Komisarze ponoszą odpowiedzialność nie przed tym ciałem które ich powołało a wyłącznie przed Parlamentem Europejskim. Odpowiedzialność tę Parlamentowi Europejskiemu z natury dużo trudniej jest wyegzekwować niż Komisji Europejskiej i być może dlatego tak to zorganizowano. Listę Komisarzy ustala Rada Unii Europejskiej w porozumieniu z Przewodniczącym Komisji i uwzględniając opinie rządów krajów członkowskich. To jasne, gdyż Rada Unii Europejskiej składa się z ministrów rządów państw członkowskich. Problem jest jednak z terminarzem: kadencja Komisji Europejskiej trwa 5 lat, rozpoczęła się na początku lutego 2010 roku a więc czy może ona upłynąć przed terminem wyborów parlamentarnych w Polsce; czyżby to oznaczało, że to obecny Rząd miałby na kilka miesięcy przed przegranymi przez siebie wyborami ustalić skład Komisji Europejskiej? (a w niej polskiego komisarza). Powiązanie składu Komisji z wynikami wyborów krajowych musi przecież istnieć jednak do jakiego stopnia można nim manipulować. Tu trzeba przyznać, że środowisko PO jako opozycyjne wobec rządu krajowego byłoby dużo bardziej „sprawne” niż obecna opozycja w Polsce.

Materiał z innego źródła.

lemma class_permutation:
  assumes eqv: "equiv T r" and fin: "finite (T // r)" and ST: "S \<subseteq> T" "F ` S \<subseteq> T"
    and resp: "\<And>u u'. u \<in> S \<Longrightarrow> u' \<in> S \<Longrightarrow> (F u, F u') \<in> r \<longleftrightarrow> (u, u') \<in> r"
  shows "\<exists>\<pi>. bij_betw \<pi> (T // r) (T // r) \<and> (\<forall>u\<in>S. \<pi> (r``{u}) = r``{F u})"
proof -
  define cls where "cls x = r``{x}" for x
  define h where "h C = cls (F (inv_into S cls C))" for C
  have cls_eq: "cls x = cls y \<longleftrightarrow> (x, y) \<in> r" if "x \<in> T" "y \<in> T" for x y
    using eq_equiv_class_iff[OF eqv that] unfolding cls_def .
  have FS: "F u \<in> T" "u \<in> T" if "u \<in> S" for u using ST that by auto
  have h_cls: "h (cls u) = cls (F u)" if u: "u \<in> S" for u
  proof -
    let ?v = "inv_into S cls (cls u)"
    have v: "?v \<in> S" "cls ?v = cls u" using u by (simp_all add: inv_into_into f_inv_into_f)
    then have "(?v, u) \<in> r" using cls_eq FS v(1) u by metis
    then have "(F ?v, F u) \<in> r" using resp v(1) u by metis
    then show ?thesis unfolding h_def using cls_eq FS u v(1) by metis
  qed
  have "inj_on h (cls ` S)"
  proof (rule inj_onI)
    fix C C' assume "C \<in> cls ` S" "C' \<in> cls ` S" and hC: "h C = h C'"
    then obtain u u' where u: "u \<in> S" "u' \<in> S" "C = cls u" "C' = cls u'" by blast
    then have "cls (F u) = cls (F u')" using hC h_cls by metis
    then show "C = C'" using u cls_eq FS resp by metis
  qed
  moreover have "cls ` S \<subseteq> T // r" "h ` cls ` S \<subseteq> T // r"
    using FS h_cls unfolding cls_def by (auto simp: quotientI)
  ultimately obtain \<pi> where "bij_betw \<pi> (T // r) (T // r)" "\<forall>C\<in>cls ` S. \<pi> C = h C"
    using extend_to_permutation[OF fin] by metis
  then show ?thesis using h_cls unfolding cls_def by auto
qed

text \<open>The discrete version of the extension theorem: a map on \<open>S\<close> that preserves and reflects
  an equivalence relation, all of whose classes meet the finite set \<open>G\<close>, is matched on \<open>G\<close> by a
  map \<open>f\<close> inducing a permutation of the classes, together with a map \<open>g\<close> inducing its inverse.\<close>
lemma class_map_on_generators:
  assumes eqv: "equiv T r" and fin: "finite G" and GT: "G \<subseteq> T"
    and cover: "\<And>x. x \<in> T \<Longrightarrow> \<exists>s\<in>G. (x, s) \<in> r"
    and ST: "S \<subseteq> T" "F ` S \<subseteq> T"
    and resp: "\<And>u u'. u \<in> S \<Longrightarrow> u' \<in> S \<Longrightarrow> (F u, F u') \<in> r \<longleftrightarrow> (u, u') \<in> r"
  shows "\<exists>f g. (\<forall>s\<in>G. f s \<in> G \<and> g s \<in> G) \<and>
    (\<forall>s\<in>G. \<forall>s'\<in>G. ((f s, f s') \<in> r \<longleftrightarrow> (s, s') \<in> r) \<and> ((g s, s') \<in> r \<longleftrightarrow> (s, f s') \<in> r)) \<and>
    (\<forall>u\<in>S. \<forall>s\<in>G. (F u, f s) \<in> r \<longleftrightarrow> (u, s) \<in> r)"
proof -
  define cls where "cls x = r``{x}" for x
  have cls_eq: "cls x = cls y \<longleftrightarrow> (x, y) \<in> r" if "x \<in> T" "y \<in> T" for x y
    using eq_equiv_class_iff[OF eqv that] unfolding cls_def .
  have in_classes: "cls x \<in> cls ` G" if x: "x \<in> T" for x
  proof -
    obtain s where "s \<in> G" "(x, s) \<in> r" using cover[OF x] by blast
    then show ?thesis using cls_eq[OF x] GT by blast
  qed
  have "T // r = cls ` G"
  proof
    show "T // r \<subseteq> cls ` G"
      using in_classes unfolding cls_def by (auto elim!: quotientE)
    show "cls ` G \<subseteq> T // r" using GT unfolding cls_def by (auto intro: quotientI)
  qed
  then obtain \<pi> where \<pi>: "bij_betw \<pi> (cls ` G) (cls ` G)" "\<And>u. u \<in> S \<Longrightarrow> \<pi> (cls u) = cls (F u)"
    using class_permutation[OF eqv _ ST resp] fin unfolding cls_def by auto
  define f where "f s = inv_into G cls (\<pi> (cls s))" for s
  define g where "g s = inv_into G cls (inv_into (cls ` G) \<pi> (cls s))" for s
  have f: "f s \<in> G" "cls (f s) = \<pi> (cls s)" if "s \<in> G" for s
  proof -
    have "\<pi> (cls s) \<in> cls ` G" using that \<pi>(1) by (auto simp: bij_betw_def)
    then show "f s \<in> G" "cls (f s) = \<pi> (cls s)"
      unfolding f_def by (simp_all add: inv_into_into f_inv_into_f)
  qed
  have g: "g s \<in> G" "\<pi> (cls (g s)) = cls s" if "s \<in> G" for s
  proof -
    have "cls s \<in> \<pi> ` cls ` G" using that \<pi>(1) by (auto simp: bij_betw_def)
    then have "inv_into (cls ` G) \<pi> (cls s) \<in> cls ` G" "\<pi> (inv_into (cls ` G) \<pi> (cls s)) = cls s"
      by (simp_all add: inv_into_into f_inv_into_f)
    then show "g s \<in> G" "\<pi> (cls (g s)) = cls s"
      unfolding g_def by (simp_all add: inv_into_into f_inv_into_f)
  qed
  have \<pi>_eq: "\<pi> (cls x) = \<pi> (cls y) \<longleftrightarrow> (x, y) \<in> r" if xy: "x \<in> T" "y \<in> T" for x y
  proof -
    have "inj_on \<pi> (cls ` G)" using \<pi>(1) by (simp add: bij_betw_def)
    then have "\<pi> (cls x) = \<pi> (cls y) \<longleftrightarrow> cls x = cls y"
      using in_classes[OF xy(1)] in_classes[OF xy(2)] by (rule inj_on_eq_iff)
    then show ?thesis using cls_eq[OF xy] by simp
  qed
  have fG: "f s \<in> T" "g s \<in> T" if "s \<in> G" for s using f g that GT by blast+
  show ?thesis
  proof (intro exI conjI ballI)
    fix s s' assume s: "s \<in> G" and s': "s' \<in> G"
    show "(f s, f s') \<in> r \<longleftrightarrow> (s, s') \<in> r"
      using cls_eq[OF fG(1)[OF s] fG(1)[OF s']] f(2)[OF s] f(2)[OF s'] \<pi>_eq[of s s'] s s' GT
      by auto
    have "(g s, s') \<in> r \<longleftrightarrow> \<pi> (cls (g s)) = \<pi> (cls s')"
      using \<pi>_eq fG(2)[OF s] s' GT by blast
    also have "\<dots> \<longleftrightarrow> cls s = cls (f s')" using f(2)[OF s'] g(2)[OF s] by simp
    also have "\<dots> \<longleftrightarrow> (s, f s') \<in> r" using cls_eq fG(1)[OF s'] s GT by blast
    finally show "(g s, s') \<in> r \<longleftrightarrow> (s, f s') \<in> r" .
  next
    fix u s assume u: "u \<in> S" and s: "s \<in> G"
    have uT: "u \<in> T" "F u \<in> T" using u ST by auto
    have "(F u, f s) \<in> r \<longleftrightarrow> cls (F u) = cls (f s)" using cls_eq uT(2) fG(1)[OF s] by blast
    also have "\<dots> \<longleftrightarrow> \<pi> (cls u) = \<pi> (cls s)" using f(2)[OF s] \<pi>(2)[OF u] by simp
    also have "\<dots> \<longleftrightarrow> (u, s) \<in> r" using \<pi>_eq uT(1) s GT by blast
    finally show "(F u, f s) \<in> r \<longleftrightarrow> (u, s) \<in> r" .
  qed (use f g in auto)
qed

section \<open>Boolean metric spaces\<close>

locale bool_metric_space =
  fixes W :: "'a set" and d :: "'a \<Rightarrow> 'a \<Rightarrow> 'b::boolean_algebra"
  assumes metric: "bool_metric W d"
begin

lemma dist_sym: "x \<in> W \<Longrightarrow> y \<in> W \<Longrightarrow> d x y = d y x"
  using metric unfolding bool_metric_def by blast

lemma dist_eq_bot_iff: "x \<in> W \<Longrightarrow> y \<in> W \<Longrightarrow> d x y = bot \<longleftrightarrow> x = y"
  using metric unfolding bool_metric_def by blast

lemma dist_self [simp]: "x \<in> W \<Longrightarrow> d x x = bot"
  using dist_eq_bot_iff by blast

lemma dist_triangle: "x \<in> W \<Longrightarrow> y \<in> W \<Longrightarrow> z \<in> W \<Longrightarrow> d x z \<le> sup (d x y) (d y z)"
  using metric unfolding bool_metric_def by blast

definition agree :: "'b \<Rightarrow> 'a \<Rightarrow> 'a \<Rightarrow> bool" where
  "agree e x y \<longleftrightarrow> inf e (d x y) = bot"

lemma agree_iff_le: "agree e x y \<longleftrightarrow> e \<le> - d x y"
  unfolding agree_def by (rule inf_shunt)

lemma convex_comb_iff_agree: "convex_comb d x n xs a \<longleftrightarrow> (\<forall>i\<le>n. agree (a i) x (xs i))"
  unfolding convex_comb_def agree_def ..

lemma agree_refl: "x \<in> W \<Longrightarrow> agree e x x"
  unfolding agree_def by simp

lemma agree_sym: "x \<in> W \<Longrightarrow> y \<in> W \<Longrightarrow> agree e x y \<Longrightarrow> agree e y x"
  unfolding agree_def by (simp add: dist_sym)

lemma agree_trans:
  assumes "x \<in> W" "y \<in> W" "z \<in> W" and "agree e x y" "agree e y z"
  shows "agree e x z"
proof -
  have "inf e (d x z) \<le> inf e (sup (d x y) (d y z))"
    using dist_triangle[OF assms(1-3)] by (rule inf_mono[OF order_refl])
  also have "\<dots> = bot" using assms(4,5) unfolding agree_def by (simp add: inf_sup_distrib1)
  finally show ?thesis unfolding agree_def by (simp add: bot_unique)
qed

lemma agree_mono: "e' \<le> e \<Longrightarrow> agree e x y \<Longrightarrow> agree e' x y"
  unfolding agree_iff_le by (rule order_trans)

lemma agree_off_dist: "agree (- d x y) x y"
  unfolding agree_def by simp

Wybory do Parlamentu Europejskiego są ważne, ale nie można nie uwzględniać, iż nie ma on prawa inicjatywy ustawodawczej; jest on ogromną machiną biurokratyczną o bardzo rozbitym oddziaływaniu, natomiast ciała unijnej administracji które mają największy wpływ na cała sytuację Unii – nie pochodzą z bezpośrednich wyborów, proces ich wyłaniania jest dość niejednoznaczny.

Generalnie trudno jest o rzetelne informacje szczegółowe o organizacji i funkcjonowaniu Unii jako całości, gdyż wiele źródeł wzajemnie sobie zaprzecza; dla przykładu strona internetowa Unii Europejskiej i poświęcona Unii strona w tak popularnej dziś Wikipedii. Odnoszę wrażenie że stan małego rozpowszechnienia rzetelnej wiedzy nie jest tu przypadkowy.
Chodzi o materię dość złożoną, o skomplikowane zależności i masę szczegółów posiadających swoje różne „dna”… jakże więc się nie dziwić niechęci jaką „przeciętny obywatel” Unii darzy wybory do PE. Unia jest zbyt skomplikowana dla „Kowalskiego” więc koncentruje się on na wojence personalnej zastępującej politykę w swoim kraju, ale rzeczywista sytuacja w kraju – zależy w dużej mierze od Unii; czy to aby sprawa jedynie przypadku?

To, że Unię trudno zrozumieć nie znaczy, że łatwiej ją lekceważyć.
Generalnie trudno jest określić ewentualny hipotetyczny wpływ przyszłych przegranych przez PO wyborów parlamentarnych pomimo wygrania wyborów europejskich – na sytuację i możliwości nowego polskiego rządu. Wiele też zapewne zależy od jego postawy, stopnia samodzielności, od definicji bieżącej „interesu polskiego” i skłonności do poświęcania tegoż na rzecz integracji – choćby i ze stratą, czy na rzecz własnej kariery politycznej lub finansowej.
Jedno jest pewne: w nominowaniu znanych polityków PO takich jak Rostowski, w tym i urzędujących ministrów – jako kandydatów w wyborach do PE – jest coś niepokojącego. Byłoby pożałowania godne, gdyby obecna walka ideologiczna i personalna ze szczebla krajowego przeniosła się po wyborach parlamentarnych w Polsce na szczebel Instytucje UE – Rząd.